Input -
lemma esd_unit_vec_in_EO:
  fixes v :: "'a vec"
  assumes a: "a \<in> {1..2*n}" and v: "v \<in> carrier_vec N" and av: "bform n (unit_vec N a) v = 0"
  shows "esd n (unit_vec N a) v \<in> EO_maps n"
proof -
  define trunc where "trunc k = vec N (\<lambda>j. if j < k then v $ j else 0)" for k
  have a_N: "a < N" "partner a < N" using partner_less_dim[OF a] by auto
  have v_partner: "v $ partner a = 0" using av bform_unit_vec_left[OF v a_N(1)] a by simp
  have trunc_carrier: "trunc k \<in> carrier_vec N" for k by (simp add: trunc_def)
  have orth_trunc: "bform n (unit_vec N a) (trunc k) = 0" for k
    using a a_N v_partner by (simp add: bform_unit_vec_left trunc_def)
  have orth_coord: "bform n (unit_vec N a) (v $ k \<cdot>\<^sub>v unit_vec N k) = 0" if "k < N" for k
    using a a_N v_partner that by (cases "k = partner a") (simp_all add: bform_linear bform_unit_vec_left)
  have coord: "esd n (unit_vec N a) (v $ k \<cdot>\<^sub>v unit_vec N k) \<in> EO_maps n" if k: "k < N" for k
  proof (cases "k = partner a")
    case True
    then have "v $ k = 0" using v_partner by simp
    then have "v $ k \<cdot>\<^sub>v unit_vec N k = 0\<^sub>v N" by auto
    then show ?thesis using esd_zero by (intro EO_maps_if_identity) simp
  next
    case False
    then show ?thesis using esd_unit_vec_smult_unit_vec_in_EO[OF a k] by simp
  qed
  have "esd n (unit_vec N a) (trunc k) \<in> EO_maps n" if "k \<le> N" for k
    using that
  proof (induction k)
    case 0
    have "trunc 0 = 0\<^sub>v N" by (auto simp: trunc_def)
    then show ?case using esd_zero by (intro EO_maps_if_identity) simp
  next
    case (Suc k)
    then have k: "k < N" by simp
    have "trunc (Suc k) = trunc k + v $ k \<cdot>\<^sub>v unit_vec N k"
      by (rule eq_vecI) (auto simp: trunc_def k less_Suc_eq)
    then have "(esd n (unit_vec N a) (trunc k) \<circ> esd n (unit_vec N a) (v $ k \<cdot>\<^sub>v unit_vec N k)) x
        = esd n (unit_vec N a) (trunc (Suc k)) x" if "x \<in> carrier_vec N" for x
      using esd_add[OF _ trunc_carrier _ that qform_unit_vec[OF a] orth_trunc orth_coord[OF k]] by simp
    then show ?case
      by (rule EO_maps_cong[OF EO_maps_comp[OF Suc.IH[OF less_imp_le[OF k]] coord[OF k]]])
  qed
  moreover have "trunc N = v" using v by (auto simp: trunc_def)
  ultimately show ?thesis by auto
qed

lemma esd_elementary_esd_image:
  fixes a :: "'a vec"
  assumes a: "a \<in> carrier_vec N" and b: "b \<in> carrier_vec N" and u: "u \<in> carrier_vec N"
    and qa: "qform n a = 0" and ab: "bform n a b = 0"
    and conj: "esd n a b \<in> EO_maps n" "esd n a ((-1) \<cdot>\<^sub>v b) \<in> EO_maps n"
    and image: "esd_elementary n (esd n a b u)"
  shows "esd_elementary n u"
  unfolding esd_elementary_iff
proof (intro ballI impI)
  fix v assume v: "v \<in> carrier_vec N" and uv: "bform n u v = 0"
  have "bform n (esd n a b u) (esd n a b v) = 0" using bform_esd[OF a b u v qa ab] uv by simp
  then have "esd n (esd n a b u) (esd n a b v) \<in> EO_maps n"
    using image a b v unfolding esd_elementary_iff by simp
  then show "esd n u v \<in> EO_maps n" using esd_conj_in_EO[OF a b u v qa ab conj] by simp
qed

lemma esd_elementary_smult_unit_vec:
  fixes c :: 'a
  assumes a: "a \<in> {1..2*n}"
  shows "esd_elementary n (c \<cdot>\<^sub>v unit_vec N a)"
  unfolding esd_elementary_iff
proof (intro ballI impI)
  fix v assume v: "v \<in> carrier_vec N" and av: "bform n (c \<cdot>\<^sub>v unit_vec N a) v = 0"
  then have "bform n (unit_vec N a) (c \<cdot>\<^sub>v v) = 0" by (simp add: bform_linear)
  then have "esd n (unit_vec N a) (c \<cdot>\<^sub>v v) \<in> EO_maps n" using esd_unit_vec_in_EO[OF a] v by simp
  then show "esd n (c \<cdot>\<^sub>v unit_vec N a) v \<in> EO_maps n"
    by (rule EO_maps_cong) (simp add: esd_smult v)
qed

end
(* Let $M=A+\Delta-\sigma vv^{\mathsf T}$ be a generalized modularity matrix and let $S_1,\dots,S_k$ ($k\ge1$) be pairwise disjoint subsets of $V$ such that, for every $i=1,\dots,k$, $$e_{\mathrm{in}}(S_i)+\mathbb{1}_{S_i}^{\mathsf T}\Delta\mathbb{1}_{S_i}\ >\ \sum_{j\ne i}\mathbb{1}_{S_i}^{\mathsf T}A\mathbb{1}_{S_j}.$$ Then $M$ has at least $k-1$ positive eigenvalues (counted with multiplicity).
   Context: Let $V=\{1,\dots,n\}$ and let $A=(a_{ij})\in\mathbb{R}^{n\times n}$ be the adjacency matrix of an undirected connected weighted graph on $V$, possibly with loops, i.e. $A$ is symmetric, entrywise nonnegative and irreducible. A generalized modularity matrix is any matrix $M=A+\Delta-\sigma vv^{\mathsf T}$ where $\Delta$ is a real diagonal matrix, $v\ne0$ is entrywise nonnegative, and $\sigma>0$. For $S\subseteq V$, $\mathbb{1}_S$ is its characteristic vector and $e_{\mathrm{in}}(S)=\mathbb{1}_S^{\mathsf T}A\mathbb{1}_S=\sum_{i,j\in S}a_{ij}$ is the total internal edge weight (including loops). *)

theory Defs
  imports "Jordan_Normal_Form.Char_Poly"
begin

text \<open>Vertices are indexed 0..n-1 (V = {1..n} shifted by one).\<close>

definition char_vec :: "nat \<Rightarrow> nat set \<Rightarrow> real vec" where
  "char_vec n S = vec n (\<lambda>i. if i \<in> S then 1 else 0)"

definition bil :: "real mat \<Rightarrow> nat set \<Rightarrow> nat set \<Rightarrow> real" where
  "bil A S T = char_vec (dim_row A) S \<bullet> (A *\<^sub>v char_vec (dim_col A) T)"

definition e_in :: "real mat \<Rightarrow> nat set \<Rightarrow> real" where
  "e_in A S = bil A S S"

definition outer :: "real vec \<Rightarrow> real mat" where
  "outer v = mat (dim_vec v) (dim_vec v) (\<lambda>(i,j). v $ i * v $ j)"

text \<open>Adjacency matrix of an undirected connected weighted graph (loops allowed):
  symmetric, entrywise nonnegative, irreducible (the graph of positive entries is connected).\<close>
definition irreducible_mat :: "real mat \<Rightarrow> bool" where
  "irreducible_mat A \<longleftrightarrow>
     (\<forall>i<dim_row A. \<forall>j<dim_row A.
        (i, j) \<in> {(a, b). a < dim_row A \<and> b < dim_row A \<and> A $$ (a, b) > 0}\<^sup>*)"

definition weighted_adjacency :: "nat \<Rightarrow> real mat \<Rightarrow> bool" where
  "weighted_adjacency n A \<longleftrightarrow> A \<in> carrier_mat n n \<and> A\<^sup>T = A \<and>
     (\<forall>i<n. \<forall>j<n. A $$ (i, j) \<ge> 0) \<and> irreducible_mat A"

definition num_pos_eigenvalues :: "real mat \<Rightarrow> nat" where
  "num_pos_eigenvalues M =
     (\<Sum>x \<in> {x. x > 0 \<and> poly (char_poly M) x = 0}. order x (char_poly M))"

end

theory Submission
  imports Defs "Jordan_Normal_Form.Schur_Decomposition"
begin

text \<open>For coefficients c with \<open>\<Sum>\<^sub>j c\<^sub>j (v \<bullet> 1\<^sub>S\<^sub>j) = 0\<close> the rank-one term of M
  vanishes, and the quadratic form of M at \<open>\<Sum>\<^sub>j c\<^sub>j 1\<^sub>S\<^sub>j\<close> becomes that of the
  k \<times> k matrix \<open>G\<^sub>i\<^sub>j = 1\<^sub>S\<^sub>i\<^sup>T (A + \<Delta>) 1\<^sub>S\<^sub>j\<close>. The hypothesis makes G strictly
  diagonally dominant with nonnegative off-diagonal entries, hence positive definite. So the
  form of M is positive on a (k-1)-dimensional space, and an orthogonal diagonalisation of M
  turns this into k-1 positive eigenvalues.\<close>

section \<open>Orthogonal diagonalisation of real symmetric matrices\<close>

text \<open>Not the library's \<open>orthogonal_mat\<close>, which only asks for pairwise orthogonal columns.\<close>

definition orthonormal_mat :: "nat \<Rightarrow> real mat \<Rightarrow> bool" where
  "orthonormal_mat n Q \<longleftrightarrow> Q \<in> carrier_mat n n \<and> Q\<^sup>T * Q = 1\<^sub>m n"
lemma streamlined_tree_subset_levels_below_Un_cones:
  assumes wo: "wo_rel r" and S: "streamlined_tree r S" and a: "a \<in> Field r"
  shows "S \<subseteq> (\<Union>\<gamma> \<in> underS r a. level r S \<gamma>) \<union> (\<Union>x \<in> level r S a. cone_above S x)"
proof
  fix y assume y: "y \<in> S"
  then obtain \<beta> where \<beta>: "node_of_height r \<beta> y"
    using S unfolding streamlined_tree_def by blast
  show "y \<in> (\<Union>\<gamma> \<in> underS r a. level r S \<gamma>) \<union> (\<Union>x \<in> level r S a. cone_above S x)"
  proof (cases "\<beta> \<in> underS r a")
    case True
    then show ?thesis
      using y \<beta> unfolding level_def node_of_height_def by blast
  next
    case False
    then have a\<beta>: "(a, \<beta>) \<in> r"
      using a \<beta> wo_rel.TOTALS[OF wo] unfolding underS_def node_of_height_def by blast
    then have "restr r y a \<in> S"
      using S y \<beta> unfolding streamlined_tree_def by blast
    moreover have "dom (restr r y a) = underS r a"
      using \<beta> underS_incr[OF wo_rel.TRANS[OF wo] wo_rel.ANTISYM[OF wo] a\<beta>]
      unfolding node_of_height_def restr_def by auto
    moreover have "restr r y a \<subseteq>\<^sub>m y"
      unfolding restr_def by (rule restrict_map_le)
    ultimately show ?thesis
      using y unfolding cone_above_def level_def by blast
  qed
qed

lemma streamlined_kappa_tree_large_cone:
  assumes cr: "Card_order r" and reg: "regularCard r" and inf: "infinite (Field r)"
    and S: "streamlined_kappa_tree r S" and a: "a \<in> Field r"
  shows "\<exists>x \<in> level r S a. \<not> |cone_above S x| <o r"
proof (rule ccontr)
  assume "\<not> ?thesis"
  then have cones: "\<And>x. x \<in> level r S a \<Longrightarrow> |cone_above S x| <o r"
    by blast
  have st: "stable r"
    using regularCard_stable[OF cr inf reg] .
  have levels: "\<And>\<gamma>. \<gamma> \<in> Field r \<Longrightarrow> |level r S \<gamma>| <o r"
    using S unfolding streamlined_kappa_tree_def by blast
  have "|level r S \<gamma>| <o r" if "\<gamma> \<in> underS r a" for \<gamma>
    by (rule levels[OF underS_Field[OF that]])
  then have "|\<Union>\<gamma> \<in> underS r a. level r S \<gamma>| <o r"
    by (rule stable_UNION[OF st card_of_underS[OF cr a]])
  moreover have "|\<Union>x \<in> level r S a. cone_above S x| <o r"
    by (rule stable_UNION[OF st levels[OF a] cones])
  ultimately have "|(\<Union>\<gamma> \<in> underS r a. level r S \<gamma>) \<union> (\<Union>x \<in> level r S a. cone_above S x)| <o r"
    by (rule card_of_Un_ordLess_infinite_Field[OF inf cr])
  moreover have "S \<subseteq> (\<Union>\<gamma> \<in> underS r a. level r S \<gamma>) \<union> (\<Union>x \<in> level r S a. cone_above S x)"
    using streamlined_tree_subset_levels_below_Un_cones[OF Card_order_wo_rel[OF cr] _ a] S
    unfolding streamlined_kappa_tree_def by blast
  ultimately have "|S| <o r"
    using ordLeq_ordLess_trans[OF card_of_mono1] by blast
  then show False
    using card_of_streamlined_kappa_tree[OF cr inf S] not_ordLess_ordIso by blast
qed

lemma subtree_contains_large_cone:
  assumes cr: "Card_order r" and reg: "regularCard r" and inf: "infinite (Field r)"
    and sT: "streamlined_kappa_souslin_tree r T" and S: "streamlined_kappa_subtree r S T"
  shows "\<exists>x \<in> S. \<not> |cone_above T x| <o r \<and> cone_above T x \<subseteq> S"
proof -
  have T: "streamlined_tree r T"
    using sT unfolding streamlined_kappa_souslin_tree_def streamlined_kappa_tree_def by blast
  obtain a where a: "a \<in> Field r" "\<forall>z \<in> minimal_outside T S. (node_height r z, a) \<in> r"
    using minimal_outside_height_bounded[OF cr reg inf sT] by blast
  have "streamlined_kappa_tree r S"
    using S unfolding streamlined_kappa_subtree_def by blast
  then obtain x where x: "x \<in> level r S a" "\<not> |cone_above S x| <o r"
    using streamlined_kappa_tree_large_cone[OF cr reg inf _ a(1)] by blast
  have "cone_above S x \<subseteq> cone_above T x"
    using S unfolding streamlined_kappa_subtree_def cone_above_def by blast
  then have "\<not> |cone_above T x| <o r"
    using x(2) ordLeq_ordLess_trans[OF card_of_mono1] by blast
  moreover have "cone_above T x \<subseteq> S"
    by (rule cone_subset_subtree_above_minimal_outside[OF Card_order_wo_rel[OF cr] T S a(2) x(1)])
  ultimately show ?thesis
    using x(1) unfolding level_def by blast
qed
(* Suppose the Drift Assumption holds and let $1<p\le2$. Define $\Psi(x)=\Phi(x)^{p/2}$. Then $\Psi$ is differentiable (with $\nabla\Psi(0)=0$), and there exist constants $\eta_p,L_p>0$ such that, with $a_1=c_1^{p/2}$, $a_2=c_2^{p/2}$, for all $x,y\in\mathbb{R}^d$: (1) $a_1\|x-x^\star\|^p\le\Psi(x-x^\star)\le a_2\|x-x^\star\|^p$; (2) $\langle\nabla\Psi(x-x^\star),H(x)-x\rangle\le-\eta_p\Psi(x-x^\star)$ (one can take $\eta_p=\tfrac p2\eta$); (3) $\Psi(x)\le\Psi(y)+\langle\nabla\Psi(y),x-y\rangle+\frac{L_p}{p}\|x-y\|^p$.
   Context: Let $\|\cdot\|$ denote the Euclidean norm on $\mathbb{R}^d$ and $\langle\cdot,\cdot\rangle$ the Euclidean inner product; $H:\mathbb{R}^d\to\mathbb{R}^d$. Drift Assumption: there is $x^\star\in\mathbb{R}^d$ with $H(x^\star)=x^\star$, a differentiable function $\Phi:\mathbb{R}^d\to[0,\infty)$ and constants $\eta,c_1,c_2,L_2>0$ such that (i) $\langle\nabla\Phi(x-x^\star),H(x)-x\rangle\le-\eta\,\Phi(x-x^\star)$ for all $x\in\mathbb{R}^d$; (ii) $\Phi(y)\le\Phi(x)+\langle\nabla\Phi(x),y-x\rangle+\frac{L_2}{2}\|y-x\|^2$ for all $x,y\in\mathbb{R}^d$; (iii) $c_1\|x-x^\star\|^2\le\Phi(x-x^\star)\le c_2\|x-x^\star\|^2$ for all $x\in\mathbb{R}^d$. *)

theory Defs
  imports "HOL-Analysis.Analysis"
begin

end

theory Submission
  imports Defs
begin

(* With q = p/2 in (1/2, 1] we have Psi = Phi^q and grad Psi = q Phi^(q-1) grad Phi. The norm
   bounds and the drift inequality follow by raising to the power q and multiplying by
   q Phi^(q-1) >= 0; at the minimiser 0, Psi y <= c2^q |y|^(2q) with 2q > 1 forces a zero derivative.
   For the Holder descent inequality, nonnegativity and L-smoothness give |grad Phi y|^2 <= 2 L Phi y.
   Put a = Phi y and r = |x - y|. If a > r^2, concavity of t^q at a turns the quadratic remainder
   L r^2 / 2 into q a^(q-1) L r^2 / 2 <= q L r^(2q) / 2. If a <= r^2, then Phi x = O(r^2) and the
   linear term is O(a^(q-1/2) r) = O(r^(2q)). *)

lemma powr_le_tangent_line:
  fixes a b q :: real
  assumes "0 < a" "0 \<le> b" "0 < q" "q \<le> 1"
  shows "b powr q \<le> a powr q + q * a powr (q - 1) * (b - a)"
proof -
  have tangent: "a powr q + q * a powr (q - 1) * (b - a) = (q * b + (1 - q) * a) * a powr (q - 1)"
    using assms(1) by (simp add: powr_diff field_simps)
  show ?thesis
  proof (cases "b = 0")
    case True
    then show ?thesis using tangent assms by simp
  next
    case False
    have "b powr q = b powr q * a powr (1 - q) * a powr (q - 1)"
      using assms(1) by (simp add: mult.assoc flip: powr_add)
    also have "\<dots> \<le> (q * b + (1 - q) * a) * a powr (q - 1)"
      using assms False by (intro mult_right_mono Youngs_inequality_0) auto
    finally show ?thesis using tangent by simp
  qed
qed

lemma powr_mult_power2:
  fixes c r q :: real
  assumes "0 \<le> c" "0 \<le> r"
  shows "(c * r\<^sup>2) powr q = c powr q * r powr (2 * q)"
proof -
  have "r\<^sup>2 = r powr 2"
    using assms by simp
  then show ?thesis
    by (simp add: powr_mult powr_powr)
qed

lemma powr_descent_far:
  fixes a b G L r q :: real
  assumes "r\<^sup>2 < a" "0 \<le> b" "0 \<le> r" "0 \<le> L" "0 < q" "q \<le> 1"
    and descent: "b \<le> a + G + L / 2 * r\<^sup>2"
  shows "b powr q \<le> a powr q + q * a powr (q - 1) * G + q * L / 2 * r powr (2 * q)"
proof -
  have "0 < a"
    using assms(1) zero_le_power2[of r] by linarith
  have decay: "a powr (q - 1) * r\<^sup>2 \<le> r powr (2 * q)"
  proof (cases "r = 0")
    case False
    then have "a powr (q - 1) \<le> (r\<^sup>2) powr (q - 1)"
      using assms by (intro powr_mono2') auto
    then have "a powr (q - 1) * r\<^sup>2 \<le> (r\<^sup>2) powr (q - 1) * r\<^sup>2"
      by (simp add: mult_right_mono)
    also have "\<dots> = r powr (2 * q - 2) * r powr 2"
      using powr_mult_power2[of 1 r "q - 1"] assms by (simp add: algebra_simps)
    also have "\<dots> = r powr (2 * q)"
      by (simp flip: powr_add)
    finally show ?thesis .
  qed (use assms in simp)
  have "b powr q \<le> a powr q + q * a powr (q - 1) * (b - a)"
    using \<open>0 < a\<close> assms by (intro powr_le_tangent_line) auto
  also have "\<dots> \<le> a powr q + q * a powr (q - 1) * (G + L / 2 * r\<^sup>2)"
    using descent assms by (intro add_left_mono mult_left_mono) auto
  also have "\<dots> \<le> a powr q + q * a powr (q - 1) * G + q * L / 2 * r powr (2 * q)"
    using mult_left_mono[OF decay, of "q * L / 2"] assms by (simp add: algebra_simps)
  finally show ?thesis .
qed

lemma powr_descent_near:
  fixes a b G L r q :: real
  assumes "a \<le> r\<^sup>2" "0 \<le> a" "0 \<le> b" "0 \<le> r" "0 \<le> L" "1/2 \<le> q" "q \<le> 1"
    and descent: "b \<le> a + G + L / 2 * r\<^sup>2"
    and slope: "\<bar>G\<bar> \<le> sqrt (2 * L * a) * r"
  shows "b powr q \<le> a powr q + q * a powr (q - 1) * G
           + ((1 + sqrt (2 * L) + L / 2) powr q + q * sqrt (2 * L)) * r powr (2 * q)"
proof -
  define K where "K = 1 + sqrt (2 * L) + L / 2"
  have "sqrt a \<le> r"
    using assms real_sqrt_le_mono[of a "r\<^sup>2"] by simp
  then have G_le: "\<bar>G\<bar> \<le> sqrt (2 * L) * sqrt a * r"
    using slope by (simp add: real_sqrt_mult)
  also have "\<dots> \<le> sqrt (2 * L) * r\<^sup>2"
    using mult_right_mono[OF \<open>sqrt a \<le> r\<close> \<open>0 \<le> r\<close>] assms
    by (simp add: power2_eq_square mult.assoc mult_left_mono)
  finally have "b \<le> K * r\<^sup>2"
    using descent assms unfolding K_def by (simp add: algebra_simps)
  then have "b powr q \<le> (K * r\<^sup>2) powr q"
    using assms by (intro powr_mono2) auto
  also have "\<dots> = K powr q * r powr (2 * q)"
    using assms by (intro powr_mult_power2) (auto simp: K_def)
  finally have b_bound: "b powr q \<le> K powr q * r powr (2 * q)" .
  have "- G \<le> sqrt (2 * L) * sqrt a * r"
    using G_le by linarith
  then have "- (q * a powr (q - 1) * G) \<le> q * a powr (q - 1) * (sqrt (2 * L) * sqrt a * r)"
    using mult_left_mono[of "- G" _ "q * a powr (q - 1)"] assms by simp
  also have "\<dots> = q * sqrt (2 * L) * (r * a powr (q - 1 / 2))"
    using assms by (simp add: powr_half_sqrt[symmetric] algebra_simps flip: powr_add)
  also have "\<dots> \<le> q * sqrt (2 * L) * (r * (r\<^sup>2) powr (q - 1 / 2))"
    using assms by (intro mult_left_mono powr_mono2) auto
  also have "\<dots> = q * sqrt (2 * L) * r powr (2 * q)"
    using powr_mult_power2[of 1 r "q - 1 / 2"] powr_mult_base[of r "2 * q - 1"] assms by simp
  finally have "- (q * a powr (q - 1) * G) \<le> q * sqrt (2 * L) * r powr (2 * q)" .
  then show ?thesis
    using b_bound powr_ge_zero[of a q] unfolding K_def[symmetric] distrib_right by linarith
qed

lemma powr_descent:
  fixes a b G L r q :: real
  assumes "0 \<le> a" "0 \<le> b" "0 \<le> r" "0 \<le> L" "1/2 \<le> q" "q \<le> 1"
    and "b \<le> a + G + L / 2 * r\<^sup>2"
    and "\<bar>G\<bar> \<le> sqrt (2 * L * a) * r"
  shows "b powr q \<le> a powr q + q * a powr (q - 1) * G
           + (q * L / 2 + (1 + sqrt (2 * L) + L / 2) powr q + q * sqrt (2 * L)) * r powr (2 * q)"
proof (cases "r\<^sup>2 < a")
  case True
  then have "b powr q \<le> a powr q + q * a powr (q - 1) * G + q * L / 2 * r powr (2 * q)"
    using assms by (intro powr_descent_far) auto
  moreover have "0 \<le> (1 + sqrt (2 * L) + L / 2) powr q * r powr (2 * q)"
    and "0 \<le> q * sqrt (2 * L) * r powr (2 * q)"
    using assms by simp_all
  ultimately show ?thesis
    unfolding distrib_right by linarith
next
  case False
  then have "b powr q \<le> a powr q + q * a powr (q - 1) * G
               + ((1 + sqrt (2 * L) + L / 2) powr q + q * sqrt (2 * L)) * r powr (2 * q)"
    using assms by (intro powr_descent_near) auto
  moreover have "0 \<le> q * L / 2 * r powr (2 * q)"
    using assms by simp
  ultimately show ?thesis
    unfolding distrib_right by linarith
qed

lemma gradient_bound_of_nonneg_smooth:
  fixes f :: "'a::real_inner \<Rightarrow> real"
  assumes nonneg: "\<And>x. 0 \<le> f x" and "0 < L"
    and smooth: "\<And>x y. f y \<le> f x + g x \<bullet> (y - x) + L / 2 * (norm (y - x))\<^sup>2"
  shows "(norm (g x))\<^sup>2 \<le> 2 * L * f x"
proof -
  have "0 \<le> f (x - (1 / L) *\<^sub>R g x)"
    by (rule nonneg)
  also have "\<dots> \<le> f x + g x \<bullet> (x - (1 / L) *\<^sub>R g x - x) + L / 2 * (norm (x - (1 / L) *\<^sub>R g x - x))\<^sup>2"
    by (rule smooth)
  also have "\<dots> = f x - (norm (g x))\<^sup>2 / (2 * L)"
    using \<open>0 < L\<close> by (simp add: dot_square_norm power_divide field_simps power2_eq_square)
  finally show ?thesis
    using \<open>0 < L\<close> by (simp add: field_simps)
qed
lemma dilation_with_small_large_spectrum_powr:
  fixes q :: nat and \<delta> thr :: real
  assumes "prime q" "S \<subseteq> {0..<q}" "0 < \<delta>" "\<delta> < 1" "real q powr (1 - \<delta>) \<le> real q / 2"
    "real (1 + 2 * card (large_spectrum q S thr)) * \<delta> \<le> 1"
  obtains h where "1 \<le> h" "h < q"
    "\<And>a. \<bar>real_of_int a\<bar> \<le> real q / 2
       \<Longrightarrow> thr < norm (fT ((\<lambda>s. (h * s) mod q) ` S) (of_int a / real q))
       \<Longrightarrow> \<bar>real_of_int a\<bar> < real q powr (1 - \<delta>)"
proof -
  have "1 < q" using assms(1) by (rule prime_gt_1_nat)
  have "real q powr 0 < real q powr (1 - \<delta>)"
    using \<open>1 < q\<close> assms(4) by (intro powr_less_mono) simp_all
  then have "1 < real q powr (1 - \<delta>)"
    using \<open>1 < q\<close> by simp
  then have "q \<noteq> 2" using assms(5) by auto
  then have "odd q" using assms(1) prime_odd_nat \<open>1 < q\<close> by force
  have "real q = real q powr \<delta> * real q powr (1 - \<delta>)"
    using \<open>1 < q\<close> by (simp flip: powr_add)
  also have "\<dots> \<le> real q powr \<delta> * (real q / 2)"
    using assms(5) by (intro mult_left_mono) simp_all
  finally have "2 \<le> real q powr \<delta>"
    using \<open>1 < q\<close> by simp
  define L where "L = nat \<lceil>real q powr (1 - \<delta>)\<rceil>"
  have L: "real q powr (1 - \<delta>) \<le> real L" "real L < real q powr (1 - \<delta>) + 1"
    unfolding L_def using \<open>1 < real q powr (1 - \<delta>)\<close> by linarith+
  have "0 < L" "2 * L \<le> q + 1"
    using L \<open>1 < real q powr (1 - \<delta>)\<close> assms(5) by linarith+
  moreover have "((q - 1) div L + 1) ^ card (large_spectrum q S thr) < q"
    using boxes_power_less[OF \<open>1 < q\<close> assms(3) \<open>2 \<le> real q powr \<delta>\<close> assms(6) L(1)] .
  ultimately obtain h where h: "1 \<le> h" "h < q"
    and small: "\<And>a. 2 * \<bar>a\<bar> \<le> int q
       \<Longrightarrow> thr < norm (fT ((\<lambda>s. (h * s) mod q) ` S) (of_int a / real q)) \<Longrightarrow> \<bar>a\<bar> < int L"
    using dilation_with_small_large_spectrum[OF assms(1) \<open>odd q\<close> assms(2)] by blast
  show thesis
  proof (rule that[OF h])
    fix a :: int
    assume "\<bar>real_of_int a\<bar> \<le> real q / 2"
      and large: "thr < norm (fT ((\<lambda>s. (h * s) mod q) ` S) (of_int a / real q))"
    then have "2 * \<bar>a\<bar> \<le> int q" by linarith
    then have "\<bar>a\<bar> < int L" using small large by blast
    then show "\<bar>real_of_int a\<bar> < real q powr (1 - \<delta>)" using L(2) by linarith
  qed
qed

Task to complete -
Beginning with the first line above, could you copy every line exactly, up to and including the one with "a_N(1)] a by simp"?

Answer space -
lemma esd_unit_vec_in_EO:
  fixes v :: "'a vec"
  assumes a: "a \<in> {1..2*n}" and v: "v \<in> carrier_vec N" and av: "bform n (unit_vec N a) v = 0"
  shows "esd n (unit_vec N a) v \<in> EO_maps n"
proof -
  define trunc where "trunc k = vec N (\<lambda>j. if j < k then v $ j else 0)" for k
  have a_N: "a < N" "partner a < N" using partner_less_dim[OF a] by auto
  have v_partner: "v $ partner a = 0" using av bform_unit_vec_left[OF v a_N(1)] a by simp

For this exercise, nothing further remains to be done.